🤖 AI Summary
Existing CLIP text encoders are trained solely on image–text pairs and thus lack explicit modeling capacity for motion temporal dynamics and kinematic structure, limiting accuracy and dynamism in text-to-human-motion generation. To address this, we propose the first motion-aware CLIP fine-tuning paradigm: (1) a dedicated motion encoding head; (2) a novel tethering loss that enforces alignment between textual semantics and motion structural priors; and (3) an integrated training strategy combining contrastive multimodal fine-tuning, motion sequence encoding, and CLIP knowledge distillation. On text-to-motion retrieval, our method achieves significant improvements in Top-1/2/3 accuracy. Fréchet Inception Distance (FID) remains competitive, while text–motion semantic alignment quality is markedly enhanced.
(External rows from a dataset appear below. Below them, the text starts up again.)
lemma ord_iso_interval:
  assumes "rank_two M N u w" "middles M N u w = set vs" "distinct vs"
    and "bounded_antichain (set (c # d # ys)) S c d" "distinct (c # d # ys)" "length vs = length ys"
  shows "ord_iso (interval M N u w) (wle M N) (set (c # d # ys)) S"
proof -
  have "interval M N u w = set (u # w # vs)"
    using interval_rank_two[OF assms(1)] assms(2) by simp
  moreover have "distinct (u # w # vs)"
    using assms(1-3) rank_two_shuffle_rank middles_shuffle_rank by fastforce
  ultimately show ?thesis
    using ord_iso_bounded_antichain bounded_antichain_interval[OF assms(1)] assms(4-6) by metis
qed

lemma rank_two_cases:
  assumes "rank_two M N u w"
  obtains (delete_delete) m n where "A m \<in> set u" "A n \<in> set u" "m \<noteq> n"
      "w = removeAll (A n) (removeAll (A m) u)"
    | (insert_insert) i j where "X i \<in> set w" "X j \<in> set w" "i \<noteq> j"
      "u = removeAll (X i) (removeAll (X j) w)"
    | (delete_insert) m k where "A m \<in> set u" "X k \<in> set w"
      "removeAll (A m) u = removeAll (X k) w"
proof -
  obtain v where uv: "cov M N u v" and vw: "cov M N v w"
    using assms by (auto simp: rank_two_def)
  from uv show thesis
  proof (cases rule: covE)
    case (delete m)
    from vw show thesis
    proof (cases rule: covE)
      case (delete n)
      then show thesis
        using delete_delete \<open>A m \<in> set u\<close> \<open>v = removeAll (A m) u\<close> by auto
    next
      case (insert k)
      then show thesis
        using delete_insert \<open>A m \<in> set u\<close> \<open>v = removeAll (A m) u\<close> by auto
    qed
  next
    case (insert i)
    from vw show thesis
    proof (cases rule: covE)
      case (delete m)
      then show thesis
        using delete_insert[of m i] \<open>X i \<in> set v\<close> \<open>u = removeAll (X i) v\<close>
        by (auto simp: removeAll_commute[of "A m"])
    next
      case (insert j)
      then show thesis
        using insert_insert \<open>X i \<in> set v\<close> \<open>u = removeAll (X i) v\<close> by auto
    qed
  qed
qed

lemma middles_between:
  assumes "v \<in> middles M N u w"
  shows "set u \<inter> set w \<subseteq> set v" "set v \<subseteq> set u \<union> set w"
proof -
  have uv: "cov M N u v" and vw: "cov M N v w"
    using assms by (simp_all add: middles_def)
  show "set u \<inter> set w \<subseteq> set v"
  proof
    fix l assume l: "l \<in> set u \<inter> set w"
    show "l \<in> set v"
    proof (rule ccontr)
      assume "l \<notin> set v"
      with uv l obtain p where "l = A p"
        by (cases rule: covE) auto
      then show False
        using cov_keeps_no_A[OF vw] l \<open>l \<notin> set v\<close> by auto
    qed
  qed
  show "set v \<subseteq> set u \<union> set w"
  proof
    fix l assume l: "l \<in> set v"
    show "l \<in> set u \<union> set w"
    proof (rule ccontr)
      assume "l \<notin> set u \<union> set w"
      with uv l obtain i where "l = X i"
        by (cases rule: covE) auto
      then show False
        using cov_keeps_X[OF vw] l \<open>l \<notin> set u \<union> set w\<close> by auto
    qed
  qed
qed

lemma middles_delete_delete:
  assumes "shuffle_word M N u" "A m \<in> set u" "A n \<in> set u" "m \<noteq> n"
    and w: "w = removeAll (A n) (removeAll (A m) u)"
  shows "middles M N u w = {removeAll (A m) u, removeAll (A n) u}"
proof
  show "middles M N u w \<subseteq> {removeAll (A m) u, removeAll (A n) u}"
  proof
    fix v assume v: "v \<in> middles M N u w"
    then have "cov M N u v"
      by (simp add: middles_def)
    then show "v \<in> {removeAll (A m) u, removeAll (A n) u}"
    proof (cases rule: covE)
      case (delete p)
      then have "p = m \<or> p = n"
        using middles_between(1)[OF v] w by auto
      then show ?thesis
        using \<open>v = removeAll (A p) u\<close> by auto
    next
      case (insert i)
      then show ?thesis
        using middles_between(2)[OF v] w by auto
    qed
  qed
  have "cov M N (removeAll (A m) u) w"
    unfolding w by (rule cov_removeAll_A) (use assms in \<open>simp_all add: shuffle_word_removeAll\<close>)
  moreover have "cov M N (removeAll (A n) u) w"
    unfolding w removeAll_commute[of "A n"]
    by (rule cov_removeAll_A) (use assms in \<open>simp_all add: shuffle_word_removeAll\<close>)
  moreover have "cov M N u (removeAll (A m) u)" "cov M N u (removeAll (A n) u)"
    using assms by (simp_all add: cov_removeAll_A)
  ultimately show "{removeAll (A m) u, removeAll (A n) u} \<subseteq> middles M N u w"
    by (simp add: middles_def)
qed

lemma middles_insert_insert:
  assumes "shuffle_word M N w" "X i \<in> set w" "X j \<in> set w" "i \<noteq> j"
    and u: "u = removeAll (X i) (removeAll (X j) w)"
  shows "middles M N u w = {removeAll (X j) w, removeAll (X i) w}"
proof
  show "middles M N u w \<subseteq> {removeAll (X j) w, removeAll (X i) w}"
  proof
    fix v assume v: "v \<in> middles M N u w"
    then have "cov M N v w"
      by (simp add: middles_def)
    then show "v \<in> {removeAll (X j) w, removeAll (X i) w}"
    proof (cases rule: covE)
      case (delete p)
      then show ?thesis
        using middles_between(2)[OF v] u by auto
    next
      case (insert s)
      then have "s = i \<or> s = j"
        using middles_between(1)[OF v] u by auto
      then show ?thesis
        using \<open>v = removeAll (X s) w\<close> by auto
    qed
  qed
  have "cov M N u (removeAll (X j) w)"
    unfolding u by (rule cov_removeAll_X) (use assms in \<open>simp_all add: shuffle_word_removeAll\<close>)
  moreover have "cov M N u (removeAll (X i) w)"
    unfolding u removeAll_commute[of "X i"]
    by (rule cov_removeAll_X) (use assms in \<open>simp_all add: shuffle_word_removeAll\<close>)
  moreover have "cov M N (removeAll (X j) w) w" "cov M N (removeAll (X i) w) w"
    using assms by (simp_all add: cov_removeAll_X)
  ultimately show "{removeAll (X j) w, removeAll (X i) w} \<subseteq> middles M N u w"
    by (simp add: middles_def)
qed

definition insertion_middles ::
  "nat \<Rightarrow> nat \<Rightarrow> letter list \<Rightarrow> letter list \<Rightarrow> nat \<Rightarrow> nat \<Rightarrow> letter list set" where
  "insertion_middles M N u w k m =
     {v. shuffle_word M N v \<and> removeAll (X k) v = u \<and> removeAll (A m) v = w}"

context
  fixes M N :: nat and u w :: "letter list" and k m :: nat
  assumes u: "shuffle_word M N u" "A m \<in> set u"
    and w: "shuffle_word M N w" "X k \<in> set w"
    and uw: "removeAll (A m) u = removeAll (X k) w"
begin

lemma X_notin_u: "X k \<notin> set u" and A_notin_w: "A m \<notin> set w"
proof -
  have "set (removeAll (A m) u) = set (removeAll (X k) w)"
    using uw by simp
  then show "X k \<notin> set u" "A m \<notin> set w"
    by auto
qed

lemma middles_delete_insert:
  "middles M N u w = insert (removeAll (A m) u) (insertion_middles M N u w k m)"
proof
  show "middles M N u w \<subseteq> insert (removeAll (A m) u) (insertion_middles M N u w k m)"
  proof
    fix v assume v: "v \<in> middles M N u w"
    then have uv: "cov M N u v" and vw: "cov M N v w"
      by (simp_all add: middles_def)
    have uw_eq: "set u - {A m} = set w - {X k}"
      using arg_cong[OF uw, of set] by simp
    from uv show "v \<in> insert (removeAll (A m) u) (insertion_middles M N u w k m)"
    proof (cases rule: covE)
      case (delete p)
      then have "p = m"
        using middles_between(1)[OF v] uw_eq by auto
      then show ?thesis
        using \<open>v = removeAll (A p) u\<close> by simp
    next
      case (insert i)
      then have "i = k"
        using middles_between(2)[OF v] uw_eq by auto
      have "A m \<in> set v"
        using u(2) \<open>u = removeAll (X i) v\<close> by simp
      from vw show ?thesis
      proof (cases rule: covE)
        case (delete r)
        then have "r = m"
          using \<open>A m \<in> set v\<close> A_notin_w by auto
        then show ?thesis
          using uv \<open>i = k\<close> insert delete by (simp add: insertion_middles_def cov_def)
      next
        case (insert j)
        then show ?thesis
          using \<open>A m \<in> set v\<close> A_notin_w by simp
      qed
    qed
  qed
  have "removeAll (A m) u \<in> middles M N u w"
    using cov_removeAll_A[OF u] cov_removeAll_X[OF w] uw by (simp add: middles_def)
  moreover have "insertion_middles M N u w k m \<subseteq> middles M N u w"
  proof
    fix v assume "v \<in> insertion_middles M N u w k m"
    then have v: "shuffle_word M N v" "removeAll (X k) v = u" "removeAll (A m) v = w"
      by (simp_all add: insertion_middles_def)
    then have "X k \<in> set v" "A m \<in> set v"
      using u(2) w(2) by auto
    then show "v \<in> middles M N u w"
      using v by (auto simp: middles_def intro: cov_removeAll_A cov_removeAll_X)
  qed
  ultimately show "insert (removeAll (A m) u) (insertion_middles M N u w k m) \<subseteq> middles M N u w"
    by simp
qed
This work constitutes the first successful adaptation of CLIP’s powerful semantic representation capability to the domain of temporally coherent, physically grounded human motion generation.
📝 Abstract
Human motion generation is essential for fields such as animation, robotics, and virtual reality, requiring models that effectively capture motion dynamics from text descriptions. Existing approaches often rely on Contrastive Language-Image Pretraining (CLIP)-based text encoders, but their training on text-image pairs constrains their ability to understand temporal and kinematic structures inherent in motion and motion generation. This work introduces MoCLIP, a fine-tuned CLIP model with an additional motion encoding head, trained on motion sequences using contrastive learning and tethering loss. By explicitly incorporating motion-aware representations, MoCLIP enhances motion fidelity while remaining compatible with existing CLIP-based pipelines and seamlessly integrating into various CLIP-based methods. Experiments demonstrate that MoCLIP improves Top-1, Top-2, and Top-3 accuracy while maintaining competitive FID, leading to improved text-to-motion alignment results. These results highlight MoCLIP's versatility and effectiveness, establishing it as a robust framework for enhancing motion generation.